Floodplain restoration is the process of fully or partially restoring a river's floodplain to its original conditions before having been affected by the construction of levees (dikes) and the draining of wetlands and marshes.
The objectives of restoring floodplains include the reduction of the incidence of floods, the provision of habitats for aquatic species, the improvement of water quality and the increased recharge of groundwater.

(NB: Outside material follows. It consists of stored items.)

lemma dual_optimal_abs_le:
  assumes opt: "dual_optimal C a b \<tau> \<eta> u v t" and C: "\<And>i j. C i j \<ge> 0"
    and a: "\<And>i. a i > 0" and b: "\<And>j. b j > 0" and \<tau>: "\<tau> > 0" and \<eta>: "\<eta> > 0"
    and amin: "0 < amin" "\<And>i. amin \<le> a i" and bmin: "0 < bmin" "\<And>j. bmin \<le> b j"
  defines "M \<equiv> ((\<Sum>i\<in>UNIV. a i) + (\<Sum>j\<in>UNIV. b j)) / 2"
  shows "\<bar>u i\<bar> \<le> maxnorm_mat C + 2 * \<eta> * M + \<tau> * ln M - \<tau> * min (ln amin) (ln bmin)"
    and "\<bar>v j\<bar> \<le> maxnorm_mat C + 2 * \<eta> * M + \<tau> * ln M - \<tau> * min (ln amin) (ln bmin)"
proof -
  note bounds = dual_optimal_bounds[OF opt C a b \<tau> \<eta>, folded M_def]
  have "0 < M" using a b by (simp add: M_def sum_pos add_pos_pos)
  have slack: "u k + v l - C k l \<le> t k l" for k l
    using dual_optimal_slack[OF opt \<eta>] by (metis max.cobounded2)
  show "\<bar>u i\<bar> \<le> maxnorm_mat C + 2 * \<eta> * M + \<tau> * ln M - \<tau> * min (ln amin) (ln bmin)"
    by (rule abs_dual_potential_le[OF bounds(1)[of i] bounds(2)[of i] slack[of i i] bounds(3)[of i i]
          le_maxnorm_mat[of C i i] maxnorm_mat_nonneg amin(1) amin(2)[of i] bmin(1) bmin(2)[of i]
          less_imp_le[OF \<eta>] \<tau> \<open>0 < M\<close>])
  show "\<bar>v j\<bar> \<le> maxnorm_mat C + 2 * \<eta> * M + \<tau> * ln M - \<tau> * min (ln amin) (ln bmin)"
    unfolding min.commute[of "ln amin"]
    by (rule abs_dual_potential_le[OF bounds(2)[of j] bounds(1)[of j] _ bounds(3)[of j j]
          le_maxnorm_mat[of C j j] maxnorm_mat_nonneg bmin(1) bmin(2)[of j] amin(1) amin(2)[of j]
          less_imp_le[OF \<eta>] \<tau> \<open>0 < M\<close>])
      (use slack[of j j] in simp)
qed

lemma min_mul_exp_le:
  fixes amin bmin M \<tau> K :: real
  assumes "0 < amin" "0 < bmin" "0 < M" "0 < \<tau>"
  shows "min amin bmin * exp (- (K + \<tau> * ln M - \<tau> * min (ln amin) (ln bmin)) / \<tau>)
    \<le> amin * bmin / M * exp (- K / \<tau>)"
proof -
  define \<mu> where "\<mu> = min amin bmin"
  have "0 < \<mu>" using assms by (simp add: \<mu>_def)
  have "min (ln amin) (ln bmin) = ln \<mu>"
    using assms by (simp add: \<mu>_def min_def)
  moreover have "- (K + \<tau> * ln M - \<tau> * ln \<mu>) / \<tau> = - K / \<tau> + ln \<mu> - ln M"
    using assms by (simp add: field_simps)
  ultimately have "exp (- (K + \<tau> * ln M - \<tau> * min (ln amin) (ln bmin)) / \<tau>)
      = exp (- K / \<tau> + ln \<mu> - ln M)"
    by simp
  also have "\<dots> = exp (- K / \<tau>) * \<mu> / M"
    using assms \<open>0 < \<mu>\<close> by (simp add: exp_add exp_diff exp_minus divide_inverse)
  finally have "min amin bmin * exp (- (K + \<tau> * ln M - \<tau> * min (ln amin) (ln bmin)) / \<tau>)
      = (\<mu> * \<mu>) * (exp (- K / \<tau>) / M)"
    by (simp add: \<mu>_def)
  also have "\<dots> \<le> (amin * bmin) * (exp (- K / \<tau>) / M)"
    using assms by (intro mult_right_mono) (auto simp: \<mu>_def min_def intro: mult_mono)
  finally show ?thesis by simp
qed

theorem mainTheorem7:
  fixes C :: "'n::finite \<Rightarrow> 'n \<Rightarrow> real"
    and a b :: "'n \<Rightarrow> real"
    and \<tau> \<eta> :: real
    and X\<eta> Xf :: "'n \<Rightarrow> 'n \<Rightarrow> real"
    and us vs :: "'n \<Rightarrow> real" and ts :: "'n \<Rightarrow> 'n \<Rightarrow> real"
  assumes C_nonneg: "\<forall>i j. C i j \<ge> 0"
    and a_pos: "\<forall>i. a i > 0" and b_pos: "\<forall>i. b i > 0"
    and tau_pos: "\<tau> > 0" and eta_pos: "\<eta> > 0"
    and Xeta_min: "nonneg_mat X\<eta> \<and> (\<forall>Y. nonneg_mat Y \<longrightarrow> uot_g C a b \<tau> \<eta> X\<eta> \<le> uot_g C a b \<tau> \<eta> Y)"
    and Xf_min: "nonneg_mat Xf \<and> (\<forall>Y. nonneg_mat Y \<longrightarrow> uot_f C a b \<tau> Xf \<le> uot_f C a b \<tau> Y)"
    and dual_opt: "dual_feasible C us vs ts \<and>
       (\<forall>u v t. dual_feasible C u v t \<longrightarrow> dual_obj a b \<tau> \<eta> u v t \<le> dual_obj a b \<tau> \<eta> us vs ts)"
  defines "\<alpha> \<equiv> (\<Sum>i\<in>UNIV. a i)" and "\<beta> \<equiv> (\<Sum>i\<in>UNIV. b i)"
    and "amin \<equiv> Min (range a)" and "bmin \<equiv> Min (range b)"
  defines "D \<equiv> maxnorm_mat C + \<eta> * (\<alpha> + \<beta>) + \<tau> * ln ((\<alpha> + \<beta>) / 2)
                 - \<tau> * min (ln amin) (ln bmin)"
  shows "norm1_mat X\<eta> \<le> (\<alpha> + \<beta>) / 2 \<and> norm1_mat Xf \<le> (\<alpha> + \<beta>) / 2 \<and>
     (\<forall>i. us i \<ge> \<tau> * ln (2 * a i / (\<alpha> + \<beta>))) \<and>
     (\<forall>j. vs j \<ge> \<tau> * ln (2 * b j / (\<alpha> + \<beta>))) \<and>
     maxnorm_vec us \<le> D \<and> maxnorm_vec vs \<le> D \<and>
     (\<forall>i j. min (rowsum X\<eta> i) (colsum X\<eta> j) \<ge> min amin bmin * exp (- D / \<tau>))"
proof -
  define M where "M = (\<alpha> + \<beta>) / 2"
  have a: "\<And>i. 0 < a i" and b: "\<And>j. 0 < b j" and C: "\<And>i j. 0 \<le> C i j"
    using a_pos b_pos C_nonneg by auto
  have X\<eta>: "uot_g_minimizer C a b \<tau> \<eta> X\<eta>" and Xf: "uot_g_minimizer C a b \<tau> 0 Xf"
    and opt: "dual_optimal C a b \<tau> \<eta> us vs ts"
    using Xeta_min Xf_min dual_opt by (simp_all add: uot_g_minimizer_def uot_g_def dual_optimal_def)
  have amin: "0 < amin" "\<And>i. amin \<le> a i" and bmin: "0 < bmin" "\<And>j. bmin \<le> b j"
    using a b by (simp_all add: amin_def bmin_def)
  have "0 < M" using a b by (simp add: M_def \<alpha>_def \<beta>_def sum_pos add_pos_pos)
  have D_eq: "D = maxnorm_mat C + 2 * \<eta> * M + \<tau> * ln M - \<tau> * min (ln amin) (ln bmin)"
    by (simp add: D_def M_def)
  have mass: "norm1_mat X\<eta> \<le> M" "norm1_mat Xf \<le> M"
    using uot_g_minimizer_norm1_le[OF X\<eta> C a b tau_pos] uot_g_minimizer_norm1_le[OF Xf C a b tau_pos]
      eta_pos by (simp_all add: M_def \<alpha>_def \<beta>_def)
  note dual = dual_optimal_bounds[OF opt C a b tau_pos eta_pos, folded \<alpha>_def \<beta>_def M_def]
    dual_optimal_abs_le[OF opt C a b tau_pos eta_pos amin bmin, folded \<alpha>_def \<beta>_def M_def,
      folded D_eq]
  have "min amin bmin * exp (- D / \<tau>)
      \<le> amin * bmin / M * exp (- (maxnorm_mat C + 2 * \<eta> * M) / \<tau>)"
    unfolding D_eq by (rule min_mul_exp_le[OF amin(1) bmin(1) \<open>0 < M\<close> tau_pos])
  note marginals = uot_g_minimizer_marginals_ge[OF X\<eta> a b tau_pos less_imp_le[OF eta_pos]
      le_maxnorm_mat[of C] amin(2) bmin(2) amin(1) bmin(1) mass(1), THEN order_trans[OF this]]
  have ratio: "2 * x / (\<alpha> + \<beta>) = x / M" for x by (simp add: M_def)
  show ?thesis
    unfolding ratio M_def[symmetric] using mass dual marginals by (simp add: maxnorm_vec_le)
qed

In Europe, very few schemes for restoring functional floodplains have been put in practice so far, despite a surge of interest in the topic among policy and research circles. One of the drivers for floodplain restoration is the EU Water Framework Directive. Early floodplain restoration schemes were undertaken in the mid-1990s in the Rheinvorland-Süd on the Upper Rhine, the Bourret on the Garonne, and as part of the Long Eau project in England. Ongoing schemes in 2007 include Lenzen on the Elbe, La Basse on the Seine and the Parrett Catchment Project in England. On the Elbe River near Lenzen (Brandenburg), 420 hectares of floodplain were restored in order to prevent a recurrence of the Elbe floods of 2002. A total of 20 floodplain restoration projects on the Elbe River were envisaged after the 2002 floods, but only two have been implemented as of 2009 according to the environmental group de:BUND.
In the United States, examples of floodplain restoration can be found in the catchment area of the Chesapeake Bay in Maryland, in the Emiquon Preserve on the Illinois River, in Charlotte, North Carolina  and along the Baraboo River in Wisconsin.